(Supplied material)
theorem mainTheorem9:
  fixes q :: complex and n :: nat
  assumes "q \<noteq> 0" and "n \<ge> 2"
  shows "bigOp q n (Ehat q ^ n) = (-1) ^ (n * (n - 1) div 2) * Pq q n"
proof -
  let ?s = "n + (\<Sum>j<n - 1. n - j)"
  have "n + 1 - (n - 1) = 2"
    using \<open>n \<ge> 2\<close> by simp
  then have "bigOp q n (Ehat q ^ n) = opA q ((-1) ^ ?s * Ehat_dd q n 0 (n - 1))"
    using foldr_opB_Ehat_power[OF \<open>q \<noteq> 0\<close>, of "n - 1" n] by (simp add: bigOp_def)
  also have "\<dots> = (-1) ^ ?s * opA q (Ehat_dd q n 0 (n - 1))"
    by (rule opA_neg_one_power_times)
  also have "\<dots> = (-1) ^ (?s + 1) * Pq q n"
    using \<open>n \<ge> 2\<close> by (simp only: opA_Ehat_dd[OF \<open>q \<noteq> 0\<close>]) simp_all
  also have "?s + 1 = n * (n - 1) div 2 + 2 * n"
    using sign_exponent \<open>n \<ge> 2\<close> by simp
  finally show ?thesis
    by (simp add: power_add)
qed

end
(* Let $(M,g)$ be an $n$-dimensional Lorentzian manifold with Levi-Civita connection $\nabla$, let $u$ be a unit timelike vector field ($u_pu^p=-1$), and let $A,B$ be smooth scalar fields with $B\neq 0$. The perfect fluid tensor $K_{jk}=Ag_{jk}+Bu_ju_k$ is a conformal Killing tensor if and only if (1) the velocity $u$ is shear-free ($\sigma_{ij}=0$), and (2) $H=\dfrac{\dot B}{2B}$ and $\nabla_jB=-\dot B\,u_j+2B\,\dot u_j$. In that case the conformal vector of $K$ is $\eta_j=\nabla_jA+\dot B\,u_j$, and the scalar field $A$ is unconstrained.
   Context: A symmetric tensor $K_{ij}$ on an $n$-dimensional pseudo-Riemannian manifold is a conformal Killing tensor (CKT) if $\nabla_iK_{jl}+\nabla_jK_{li}+\nabla_lK_{ij}=\eta_ig_{jl}+\eta_jg_{li}+\eta_lg_{ij}$ for some covector $\eta_i$; necessarily $\eta_i=\frac{\nabla_iK+2\nabla_jK^j{}_i}{n+2}$ with $K=g^{ij}K_{ij}$, and $\eta_i$ is called the conformal vector. For a scalar $f$, $\dot f=u^k\nabla_kf$; the acceleration is $\dot u_j=u^k\nabla_ku_j$. Every unit timelike vector field has the canonical decomposition $\nabla_iu_j=H(g_{ij}+u_iu_j)-u_i\dot u_j+\omega_{ij}+\sigma_{ij}$, where $H=\frac{1}{n-1}\nabla_ru^r$ is the expansion, $\omega_{ij}=-\omega_{ji}$ the vorticity, $\sigma_{ij}=\sigma_{ji}$ the shear, with $g^{ij}\sigma_{ij}=0$ and $\omega_{ij}u^j=\sigma_{ij}u^j=0$. *)

theory Defs
  imports "HOL-Analysis.Analysis"
begin

text \<open>Local coordinate formalization on an open set U of real^'n (index type 'n, n = CARD('n)).
Fields: metric g (lower components g x $ i $ j), vector field u (upper components u x $ i),
covector fields as functions real^'n => 'n => real, (0,2)-tensors as real^'n => 'n => 'n => real.\<close>

definition partial :: "'n::finite \<Rightarrow> (real^'n \<Rightarrow> real) \<Rightarrow> real^'n \<Rightarrow> real" where
  "partial i f x = frechet_derivative f (at x) (axis i 1)"

fun pd :: "'n::finite list \<Rightarrow> (real^'n \<Rightarrow> real) \<Rightarrow> real^'n \<Rightarrow> real" where
  "pd [] f = f"
| "pd (i # is) f = (\<lambda>x. partial i (pd is f) x)"

definition smooth_on :: "(real^'n::finite) set \<Rightarrow> (real^'n \<Rightarrow> real) \<Rightarrow> bool" where
  "smooth_on U f \<longleftrightarrow> (\<forall>is. \<forall>x\<in>U. pd is f differentiable (at x))"

definition lorentzian_on :: "(real^'n::finite) set \<Rightarrow> (real^'n \<Rightarrow> real^'n^'n) \<Rightarrow> bool" where
  "lorentzian_on U g \<longleftrightarrow> (\<forall>x\<in>U. transpose (g x) = g x \<and>
     (\<exists>(P::real^'n^'n) i0. invertible P \<and>
        transpose P ** g x ** P = (\<chi> i j. if i = j then (if i = i0 then -1 else 1) else 0)))"

definition ginv :: "(real^'n::finite \<Rightarrow> real^'n^'n) \<Rightarrow> real^'n \<Rightarrow> real^'n^'n" where
  "ginv g x = matrix_inv (g x)"

text \<open>Christoffel symbols of the Levi-Civita connection: christoffel g x k i j = Gamma^k_{ij}.\<close>
definition christoffel :: "(real^'n::finite \<Rightarrow> real^'n^'n) \<Rightarrow> real^'n \<Rightarrow> 'n \<Rightarrow> 'n \<Rightarrow> 'n \<Rightarrow> real" where
  "christoffel g x k i j = (1/2) * (\<Sum>l\<in>UNIV. ginv g x $ k $ l *
      (partial i (\<lambda>y. g y $ l $ j) x + partial j (\<lambda>y. g y $ l $ i) x - partial l (\<lambda>y. g y $ i $ j) x))"

definition cov_d1 :: "(real^'n::finite \<Rightarrow> real^'n^'n) \<Rightarrow> (real^'n \<Rightarrow> 'n \<Rightarrow> real) \<Rightarrow> real^'n \<Rightarrow> 'n \<Rightarrow> 'n \<Rightarrow> real" where
  "cov_d1 g w x i j = partial i (\<lambda>y. w y j) x - (\<Sum>k\<in>UNIV. christoffel g x k i j * w x k)"

definition cov_d2 :: "(real^'n::finite \<Rightarrow> real^'n^'n) \<Rightarrow> (real^'n \<Rightarrow> 'n \<Rightarrow> 'n \<Rightarrow> real) \<Rightarrow> real^'n \<Rightarrow> 'n \<Rightarrow> 'n \<Rightarrow> 'n \<Rightarrow> real" where
  "cov_d2 g T x i j l = partial i (\<lambda>y. T y j l) x
      - (\<Sum>k\<in>UNIV. christoffel g x k i j * T x k l)
      - (\<Sum>k\<in>UNIV. christoffel g x k i l * T x j k)"

definition lower :: "(real^'n::finite \<Rightarrow> real^'n^'n) \<Rightarrow> (real^'n \<Rightarrow> real^'n) \<Rightarrow> real^'n \<Rightarrow> 'n \<Rightarrow> real" where
  "lower g u x j = (\<Sum>k\<in>UNIV. g x $ j $ k * u x $ k)"

definition accel :: "(real^'n::finite \<Rightarrow> real^'n^'n) \<Rightarrow> (real^'n \<Rightarrow> real^'n) \<Rightarrow> real^'n \<Rightarrow> 'n \<Rightarrow> real" where
  "accel g u x j = (\<Sum>k\<in>UNIV. u x $ k * cov_d1 g (lower g u) x k j)"

definition dotd :: "(real^'n::finite \<Rightarrow> real^'n) \<Rightarrow> (real^'n \<Rightarrow> real) \<Rightarrow> real^'n \<Rightarrow> real" where
  "dotd u f x = (\<Sum>k\<in>UNIV. u x $ k * partial k f x)"

text \<open>Expansion H = (1/(n-1)) nabla_r u^r.\<close>
definition expansion :: "(real^'n::finite \<Rightarrow> real^'n^'n) \<Rightarrow> (real^'n \<Rightarrow> real^'n) \<Rightarrow> real^'n \<Rightarrow> real" where
  "expansion g u x = (1 / (real CARD('n) - 1)) *
     ((\<Sum>r\<in>UNIV. partial r (\<lambda>y. u y $ r) x) + (\<Sum>r\<in>UNIV. \<Sum>k\<in>UNIV. christoffel g x r r k * u x $ k))"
(End Supplied material)
**Exercise details:**
Transcribe the data. Leave every line exactly as it is.

**Output:**
theorem mainTheorem9:
  fixes q :: complex and n :: nat
  assumes "q \<noteq> 0" and "n \<ge> 2"
  shows "bigOp q n (Ehat q ^ n) = (-1) ^ (n * (n - 1) div 2) * Pq q n"
proof -
  let ?s = "n + (\<Sum>j<n - 1. n - j)"
  have "n + 1 - (n - 1) = 2"
    using \<open>n \<ge> 2\<close> by simp
  then have "bigOp q n (Ehat q ^ n) = opA q ((-1) ^ ?s * Ehat_dd q n 0 (n - 1))"
    using foldr_opB_Ehat_power[OF \<open>q \<noteq> 0\<close>, of "n - 1" n] by (simp add: bigOp_def)
  also have "\<dots> = (-1) ^ ?s * opA q (Ehat_dd q n 0 (n - 1))"
    by (rule opA_neg_one_power_times)
  also have "\<dots> = (-1) ^ (?s + 1) * Pq q n"
    using \<open>n \<ge> 2\<close> by (simp only: opA_Ehat_dd[OF \<open>q \<noteq> 0\<close>]) simp_all
  also have "?s + 1 = n * (n - 1) div 2 + 2 * n"
    using sign_exponent \<open>n \<ge> 2\<close> by simp
  finally show ?thesis
    by (simp add: power_add)
qed

end
(* Let $(M,g)$ be an $n$-dimensional Lorentzian manifold with Levi-Civita connection $\nabla$, let $u$ be a unit timelike vector field ($u_pu^p=-1$), and let $A,B$ be smooth scalar fields with $B\neq 0$. The perfect fluid tensor $K_{jk}=Ag_{jk}+Bu_ju_k$ is a conformal Killing tensor if and only if (1) the velocity $u$ is shear-free ($\sigma_{ij}=0$), and (2) $H=\dfrac{\dot B}{2B}$ and $\nabla_jB=-\dot B\,u_j+2B\,\dot u_j$. In that case the conformal vector of $K$ is $\eta_j=\nabla_jA+\dot B\,u_j$, and the scalar field $A$ is unconstrained.
   Context: A symmetric tensor $K_{ij}$ on an $n$-dimensional pseudo-Riemannian manifold is a conformal Killing tensor (CKT) if $\nabla_iK_{jl}+\nabla_jK_{li}+\nabla_lK_{ij}=\eta_ig_{jl}+\eta_jg_{li}+\eta_lg_{ij}$ for some covector $\eta_i$; necessarily $\eta_i=\frac{\nabla_iK+2\nabla_jK^j{}_i}{n+2}$ with $K=g^{ij}K_{ij}$, and $\eta_i$ is called the conformal vector. For a scalar $f$, $\dot f=u^k\nabla_kf$; the acceleration is $\dot u_j=u^k\nabla_ku_j$. Every unit timelike vector field has the canonical decomposition $\nabla_iu_j=H(g_{ij}+u_iu_j)-u_i\dot u_j+\omega_{ij}+\sigma_{ij}$, where $H=\frac{1}{n-1}\nabla_ru^r$ is the expansion, $\omega_{ij}=-\omega_{ji}$ the vorticity, $\sigma_{ij}=\sigma_{ji}$ the shear, with $g^{ij}\sigma_{ij}=0$ and $\omega_{ij}u^j=\sigma_{ij}u^j=0$. *)

theory Defs
  imports "HOL-Analysis.Analysis"
begin

text \<open>Local coordinate formalization on an open set U of real^'n (index type 'n, n = CARD('n)).
Fields: metric g (lower components g x $ i $ j), vector field u (upper components u x $ i),
covector fields as functions real^'n => 'n => real, (0,2)-tensors as real^'n => 'n => 'n => real.\<close>

definition partial :: "'n::finite \<Rightarrow> (real^'n \<Rightarrow> real) \<Rightarrow> real^'n \<Rightarrow> real" where
  "partial i f x = frechet_derivative f (at x) (axis i 1)"

fun pd :: "'n::finite list \<Rightarrow> (real^'n \<Rightarrow> real) \<Rightarrow> real^'n \<Rightarrow> real" where
  "pd [] f = f"
| "pd (i # is) f = (\<lambda>x. partial i (pd is f) x)"

definition smooth_on :: "(real^'n::finite) set \<Rightarrow> (real^'n \<Rightarrow> real) \<Rightarrow> bool" where
  "smooth_on U f \<longleftrightarrow> (\<forall>is. \<forall>x\<in>U. pd is f differentiable (at x))"

definition lorentzian_on :: "(real^'n::finite) set \<Rightarrow> (real^'n \<Rightarrow> real^'n^'n) \<Rightarrow> bool" where
  "lorentzian_on U g \<longleftrightarrow> (\<forall>x\<in>U. transpose (g x) = g x \<and>
     (\<exists>(P::real^'n^'n) i0. invertible P \<and>
        transpose P ** g x ** P = (\<chi> i j. if i = j then (if i = i0 then -1 else 1) else 0)))"

definition ginv :: "(real^'n::finite \<Rightarrow> real^'n^'n) \<Rightarrow> real^'n \<Rightarrow> real^'n^'n" where
  "ginv g x = matrix_inv (g x)"

text \<open>Christoffel symbols of the Levi-Civita connection: christoffel g x k i j = Gamma^k_{ij}.\<close>
definition christoffel :: "(real^'n::finite \<Rightarrow> real^'n^'n) \<Rightarrow> real^'n \<Rightarrow> 'n \<Rightarrow> 'n \<Rightarrow> 'n \<Rightarrow> real" where
  "christoffel g x k i j = (1/2) * (\<Sum>l\<in>UNIV. ginv g x $ k $ l *
      (partial i (\<lambda>y. g y $ l $ j) x + partial j (\<lambda>y. g y $ l $ i) x - partial l (\<lambda>y. g y $ i $ j) x))"

definition cov_d1 :: "(real^'n::finite \<Rightarrow> real^'n^'n) \<Rightarrow> (real^'n \<Rightarrow> 'n \<Rightarrow> real) \<Rightarrow> real^'n \<Rightarrow> 'n \<Rightarrow> 'n \<Rightarrow> real" where
  "cov_d1 g w x i j = partial i (\<lambda>y. w y j) x - (\<Sum>k\<in>UNIV. christoffel g x k i j * w x k)"

definition cov_d2 :: "(real^'n::finite \<Rightarrow> real^'n^'n) \<Rightarrow> (real^'n \<Rightarrow> 'n \<Rightarrow> 'n \<Rightarrow> real) \<Rightarrow> real^'n \<Rightarrow> 'n \<Rightarrow> 'n \<Rightarrow> 'n \<Rightarrow> real" where
  "cov_d2 g T x i j l = partial i (\<lambda>y. T y j l) x
      - (\<Sum>k\<in>UNIV. christoffel g x k i j * T x k l)
      - (\<Sum>k\<in>UNIV. christoffel g x k i l * T x j k)"

definition lower :: "(real^'n::finite \<Rightarrow> real^'n^'n) \<Rightarrow> (real^'n \<Rightarrow> real^'n) \<Rightarrow> real^'n \<Rightarrow> 'n \<Rightarrow> real" where
  "lower g u x j = (\<Sum>k\<in>UNIV. g x $ j $ k * u x $ k)"

definition accel :: "(real^'n::finite \<Rightarrow> real^'n^'n) \<Rightarrow> (real^'n \<Rightarrow> real^'n) \<Rightarrow> real^'n \<Rightarrow> 'n \<Rightarrow> real" where
  "accel g u x j = (\<Sum>k\<in>UNIV. u x $ k * cov_d1 g (lower g u) x k j)"

definition dotd :: "(real^'n::finite \<Rightarrow> real^'n) \<Rightarrow> (real^'n \<Rightarrow> real) \<Rightarrow> real^'n \<Rightarrow> real" where
  "dotd u f x = (\<Sum>k\<in>UNIV. u x $ k * partial k f x)"

text \<open>Expansion H = (1/(n-1)) nabla_r u^r.\<close>
definition expansion :: "(real^'n::finite \<Rightarrow> real^'n^'n) \<Rightarrow> (real^'n \<Rightarrow> real^'n) \<Rightarrow> real^'n \<Rightarrow> real" where
  "expansion g u x = (1 / (real CARD('n) - 1)) *
     ((\<Sum>r\<in>UNIV. partial r (\<lambda>y. u y $ r) x) + (\<Sum>r\<in>UNIV. \<Sum>k\<in>UNIV. christoffel g x r r k * u x $ k))"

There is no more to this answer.